Благодаря Катерине Лиза намного быстрее управлялась с кухонной уборкой и была допущена «наверх», в комнаты. Фрау Штюбе, как и прежде, могла появиться в любой момент и в любом месте.
Могла, да, – но делала это все реже и не так придирчиво, как прежде. У нее прибавилось хлопот: мужа призвали на фронт. Как истинная немка она должна была бы приветствовать этот час, но Ханнелоре не находила в себе душевных сил на подобный энтузиазм. Сам герр Штюбе, терзаемый бездумной расточительностью (нельзя на управляющего оставлять завод, нельзя!), пытался кому-то объяснить свою позицию, но не преуспел – и отбыл.

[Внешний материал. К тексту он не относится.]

(* Let $\psi:\mathsf{Pol}\to\mathsf{N}$ be a linear map with $\psi(1)=\psi(x_i)=0$ for $1\le i\le n$, and let $\phi:\mathsf{N}\times\mathsf{N}\to\mathsf{N}$ be a bidifferential operator vanishing on constants (i.e. $\phi(c,f)=\phi(f,c)=0$ for constants $c$). Suppose that for every $k\ge2$ and every choice of indices $i_1,\dots,i_k\in\{1,\dots,n\}$, $$\sum_{(i_1,\ldots,i_k)}\delta\psi(x_{i_1},x_{i_2}\cdots x_{i_k})=\sum_{(i_1,\ldots,i_k)}\phi(x_{i_1},x_{i_2}\cdots x_{i_k}).$$ Then $\psi$ is the restriction to $\mathsf{Pol}$ of a differential operator on $\mathsf{N}$ vanishing on constants.
   Context: $\mathsf{N}=C^\infty(\mathbb{R}^n)$ with coordinates $x_1,\dots,x_n$, $\mathsf{Pol}=\mathbb{R}[x_1,\dots,x_n]$. The Hochschild coboundary of a linear map $\psi$ is $\delta\psi(f,g)=f\psi(g)-\psi(fg)+\psi(f)g$. For a function $F$ of $k$ arguments, $\sum_{(i_1,\ldots,i_k)}F(x_{i_1},\ldots,x_{i_k})$ denotes the sum over the $k$ cyclic permutations of $(x_{i_1},\ldots,x_{i_k})$; here the arguments are $x_{i_1}$ and the product $x_{i_2}\cdots x_{i_k}$ of the remaining cyclically ordered variables. *)

theory Defs
  imports "HOL-Analysis.Analysis"
begin

text \<open>Functions on R^n are modelled as functions on real^'n (n = CARD('n)).\<close>

definition partial :: "'n::finite \<Rightarrow> (real^'n \<Rightarrow> real) \<Rightarrow> real^'n \<Rightarrow> real" where
  "partial i f x = deriv (\<lambda>t. f (x + t *\<^sub>R axis i 1)) 0"

fun dword :: "'n::finite list \<Rightarrow> (real^'n \<Rightarrow> real) \<Rightarrow> real^'n \<Rightarrow> real" where
  "dword [] f = f"
| "dword (i # w) f = partial i (dword w f)"

definition smooth :: "(real^'n::finite \<Rightarrow> real) \<Rightarrow> bool" where
  "smooth f \<longleftrightarrow> (\<forall>w x. dword w f differentiable (at x))"

definition mono_fun :: "('n::finite \<Rightarrow> nat) \<Rightarrow> real^'n \<Rightarrow> real" where
  "mono_fun \<alpha> x = (\<Prod>i\<in>UNIV. (x $ i) ^ (\<alpha> i))"

definition is_pol :: "(real^'n::finite \<Rightarrow> real) \<Rightarrow> bool" where
  "is_pol p \<longleftrightarrow> (\<exists>S c. finite S \<and> p = (\<lambda>x. \<Sum>\<alpha>\<in>S. c \<alpha> * mono_fun \<alpha> x))"

definition diff_op :: "'n::finite list set \<Rightarrow> ('n list \<Rightarrow> real^'n \<Rightarrow> real)
    \<Rightarrow> (real^'n \<Rightarrow> real) \<Rightarrow> real^'n \<Rightarrow> real" where
  "diff_op W a f x = (\<Sum>w\<in>W. a w x * dword w f x)"

definition bidiff_op :: "('n::finite list \<times> 'n list) set \<Rightarrow> ('n list \<times> 'n list \<Rightarrow> real^'n \<Rightarrow> real)
    \<Rightarrow> (real^'n \<Rightarrow> real) \<Rightarrow> (real^'n \<Rightarrow> real) \<Rightarrow> real^'n \<Rightarrow> real" where
  "bidiff_op W a f g x = (\<Sum>(u,v)\<in>W. a (u,v) x * dword u f x * dword v g x)"

definition hoch :: "((real^'n::finite \<Rightarrow> real) \<Rightarrow> (real^'n \<Rightarrow> real))
    \<Rightarrow> (real^'n \<Rightarrow> real) \<Rightarrow> (real^'n \<Rightarrow> real) \<Rightarrow> real^'n \<Rightarrow> real" where
  "hoch \<psi> f g x = f x * \<psi> g x - \<psi> (\<lambda>y. f y * g y) x + \<psi> f x * g x"

definition coord :: "'n::finite \<Rightarrow> real^'n \<Rightarrow> real" where
  "coord i x = x $ i"

definition coord_prod :: "'n::finite list \<Rightarrow> real^'n \<Rightarrow> real" where
  "coord_prod l x = prod_list (map (\<lambda>i. x $ i) l)"

text \<open>Cyclic sum over the k rotations of the index list: first argument x_{i1},
  second argument the product of the remaining variables.\<close>
definition cyc_sum :: "((real^'n::finite \<Rightarrow> real) \<Rightarrow> (real^'n \<Rightarrow> real) \<Rightarrow> real^'n \<Rightarrow> real)
    \<Rightarrow> 'n list \<Rightarrow> real^'n \<Rightarrow> real" where
  "cyc_sum F is x = (\<Sum>j<length is. F (coord (hd (rotate j is))) (coord_prod (tl (rotate j is))) x)"

end

theory Submission
  imports Defs
begin

text \<open>
  For a linear map T call E(T, \<alpha>) = \<Sum>_i \<alpha>_i x_i T(x^(\<alpha> - e_i)) - |\<alpha>| T(x^\<alpha>) its Euler defect at
  the monomial x^\<alpha>. Since \<psi> kills the coordinates, the cyclic sum of \<delta>\<psi> over any word with
  exponent vector \<alpha> is E(\<psi>, \<alpha>). Since \<phi> kills constants in its first argument, the cyclic sum
  of \<phi> only sees its terms a_([i],v) \<partial>_i f \<partial>_v g, and by Euler's identity for derivatives of
  monomials it equals the Euler defect of D = - \<Sum> a_([i],v) / (|v| + 1) \<partial>_v \<partial>_i. For |\<alpha>| > 0
  the Euler defect determines T(x^\<alpha>) from the values of T in lower degree, so \<psi> and D agree on
  all monomials by induction on the degree, hence on all polynomials.
\<close>

section \<open>Partial derivatives\<close>

lemma has_real_derivative_partial:
  assumes "f differentiable (at x)"
  shows "((\<lambda>t. f (x + t *\<^sub>R axis i 1)) has_real_derivative partial i f x) (at 0)"
proof -
  have "(\<lambda>t. x + t *\<^sub>R axis i (1::real)) differentiable (at 0)"
    by (auto intro!: derivative_intros)
  then have "(f \<circ> (\<lambda>t. x + t *\<^sub>R axis i 1)) differentiable (at 0)"
    using differentiable_chain_at[of "\<lambda>t. x + t *\<^sub>R axis i 1" 0 f] assms by simp
  then show ?thesis
    unfolding partial_def by (simp add: DERIV_deriv_iff_real_differentiable o_def)
qed

lemma partial_lincomb:
  assumes "finite S" and "\<And>\<alpha> y. \<alpha> \<in> S \<Longrightarrow> F \<alpha> differentiable (at y)"
  shows "partial i (\<lambda>x. \<Sum>\<alpha>\<in>S. c \<alpha> * F \<alpha> x) = (\<lambda>x. \<Sum>\<alpha>\<in>S. c \<alpha> * partial i (F \<alpha>) x)"
proof
  fix x
  have "((\<lambda>t. \<Sum>\<alpha>\<in>S. c \<alpha> * F \<alpha> (x + t *\<^sub>R axis i 1)) has_real_derivative
          (\<Sum>\<alpha>\<in>S. c \<alpha> * partial i (F \<alpha>) x)) (at 0)"
    using assms by (intro DERIV_sum DERIV_cmult has_real_derivative_partial)
  then show "partial i (\<lambda>x. \<Sum>\<alpha>\<in>S. c \<alpha> * F \<alpha> x) x = (\<Sum>\<alpha>\<in>S. c \<alpha> * partial i (F \<alpha>) x)"
    unfolding partial_def by (rule DERIV_imp_deriv)
qed
lemma flatten_unit_cube: "\<gamma> \<in> JP \<Longrightarrow> \<forall>t\<in>coords. flatten \<gamma> t \<in> {0..1}"
  unfolding flatten_def using joint_policy_unit_interval by auto

lemma abs_flatten_diff_le: "t \<in> coords \<Longrightarrow> \<bar>flatten \<gamma> t - flatten \<gamma>' t\<bar> \<le> pol_dist U \<gamma> \<gamma>'"
  unfolding flatten_def by (auto simp: coords_def abs_le_pol_dist)

lemma retract_flatten:
  assumes "\<gamma> \<in> JP"
  shows "retract (flatten \<gamma>) = \<gamma>"
proof (intro ext)
  fix i s a
  have "mass (flatten \<gamma>) i s = 1"
    unfolding mass_def flatten_def using policy_sum[OF joint_policy_mem[OF assms]] by simp
  then show "retract (flatten \<gamma>) i s a = \<gamma> i s a"
    unfolding retract_def using policy_outside[OF joint_policy_mem[OF assms]] by (simp add: flatten_def)
qed

lemma retract_joint_policy:
  assumes "\<forall>t\<in>coords. z t \<in> {0..1}"
  shows "retract z \<in> JP"
  unfolding joint_policies_def policies_def
proof (intro CollectI allI conjI impI)
  fix i s a
  have "0 \<le> mass z i s" unfolding mass_def using assms by (auto intro: sum_nonneg)
  then have "mass z i s / max (mass z i s) 1 \<le> 1" by (simp add: divide_le_eq_1 less_max_iff_disj)
  then show "0 \<le> retract z i s a" unfolding retract_def using assms by auto
next
  fix i s
  have "(\<Sum>a\<in>U i. retract z i s a)
      = mass z i s / max (mass z i s) 1 + (1 - mass z i s / max (mass z i s) 1)"
    unfolding retract_def mass_def
    using default_action_mem finite_actions by (simp add: sum.distrib sum_divide_distrib)
  then show "(\<Sum>a\<in>U i. retract z i s a) = 1" by simp
qed (simp add: retract_def)

lemma pol_dist_retract_le:
  assumes z: "\<forall>t\<in>coords. z t \<in> {0..1}" and z': "\<forall>t\<in>coords. z' t \<in> {0..1}"
    and d: "\<forall>t\<in>coords. \<bar>z t - z' t\<bar> \<le> d"
  shows "pol_dist U (retract z) (retract z') \<le> lip_retract * d"
proof (rule pol_dist_le)
  fix i s a assume a: "a \<in> U i"
  define m where "m z = max (mass z i s) 1" for z
  have d0: "0 \<le> d" using d a by (meson abs_ge_zero mem_coords order.trans)
  have mass_diff: "\<bar>mass z i s - mass z' i s\<bar> \<le> card (U i) * d"
    unfolding mass_def using d
    by (intro order.trans[OF _ sum_bounded_above[of "U i"]])
      (auto simp: sum_subtractf[symmetric] intro: order.trans[OF sum_abs])
  then have m_diff: "\<bar>m z - m z'\<bar> \<le> card (U i) * d" unfolding m_def by linarith
  have mass_nonneg: "0 \<le> mass y i s" if "\<forall>t\<in>coords. y t \<in> {0..1}" for y
    unfolding mass_def using that by (auto intro: sum_nonneg)
  have weight_le_mass: "y (i, s, a) \<le> mass y i s" if "\<forall>t\<in>coords. y t \<in> {0..1}" for y
    unfolding mass_def using that a finite_actions by (intro member_le_sum) auto
  have "\<bar>z (i, s, a) / m z - z' (i, s, a) / m z'\<bar> \<le> (\<bar>z (i, s, a) - z' (i, s, a)\<bar> + \<bar>m z - m z'\<bar>) / 1"
    using z' a weight_le_mass[OF z'] unfolding m_def by (intro abs_divide_diff_le) auto
  also have "\<dots> \<le> d + card (U i) * d" using d a m_diff by (simp add: add_mono)
  finally have weight_diff: "\<bar>z (i, s, a) / m z - z' (i, s, a) / m z'\<bar> \<le> d + card (U i) * d" .
  have "\<bar>mass z i s / m z - mass z' i s / m z'\<bar> \<le> (\<bar>mass z i s - mass z' i s\<bar> + \<bar>m z - m z'\<bar>) / 1"
    using mass_nonneg[OF z'] unfolding m_def by (intro abs_divide_diff_le) auto
  also have "\<dots> \<le> 2 * (card (U i) * d)" using mass_diff m_diff by simp
  finally have rest_diff: "\<bar>mass z i s / m z - mass z' i s / m z'\<bar> \<le> 2 * (card (U i) * d)" .
  have "retract z i s a - retract z' i s a = (z (i, s, a) / m z - z' (i, s, a) / m z')
      - (if a = default_action i then mass z i s / m z - mass z' i s / m z' else 0)"
    unfolding retract_def m_def using a by (simp add: algebra_simps)
  then have "\<bar>retract z i s a - retract z' i s a\<bar>
      \<le> \<bar>z (i, s, a) / m z - z' (i, s, a) / m z'\<bar> + \<bar>mass z i s / m z - mass z' i s / m z'\<bar>"
    by (cases "a = default_action i") (simp_all add: abs_triangle_ineq4)
  also have "\<dots> \<le> (1 + 3 * card (U i)) * d" using weight_diff rest_diff by (simp add: algebra_simps)
  also have "\<dots> \<le> lip_retract * d"
    unfolding lip_retract_def using d0 by (intro mult_right_mono) (auto intro: member_le_sum)
  finally show "\<bar>retract z i s a - retract z' i s a\<bar> \<le> lip_retract * d" .
qed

Зато приехал сын. Рука выглядела совсем как настоящая, только перчатка, никогда не снимаемая, нарушала впечатление. Фрау Штюбе привыкла гордиться, что сын отдал правую руку за великую Германию, это так символично! Вместе с тем она горько и трезво осознавала, что Фридхельм потерял руку, сражаясь за город с тревожным названием Charkow (Ханнелоре в нем слышала «horch!»). И что в итоге? Русские отбили свой Charkow, но кто вернет руку ее сыну? Другие женщины потеряли сыновей и мужей, твердила она себе, однако горечь не проходила. Если ты натер мозоль, то аргумент, что кто-то другой сломал ногу, не избавляет от мучений.
А ведь рука не мозоль.
Лиза видела, каким рассеянным, почти отрешенным становилось иногда лицо хозяйки, но удивляться было нечему: два инвалида в доме, муж на войне.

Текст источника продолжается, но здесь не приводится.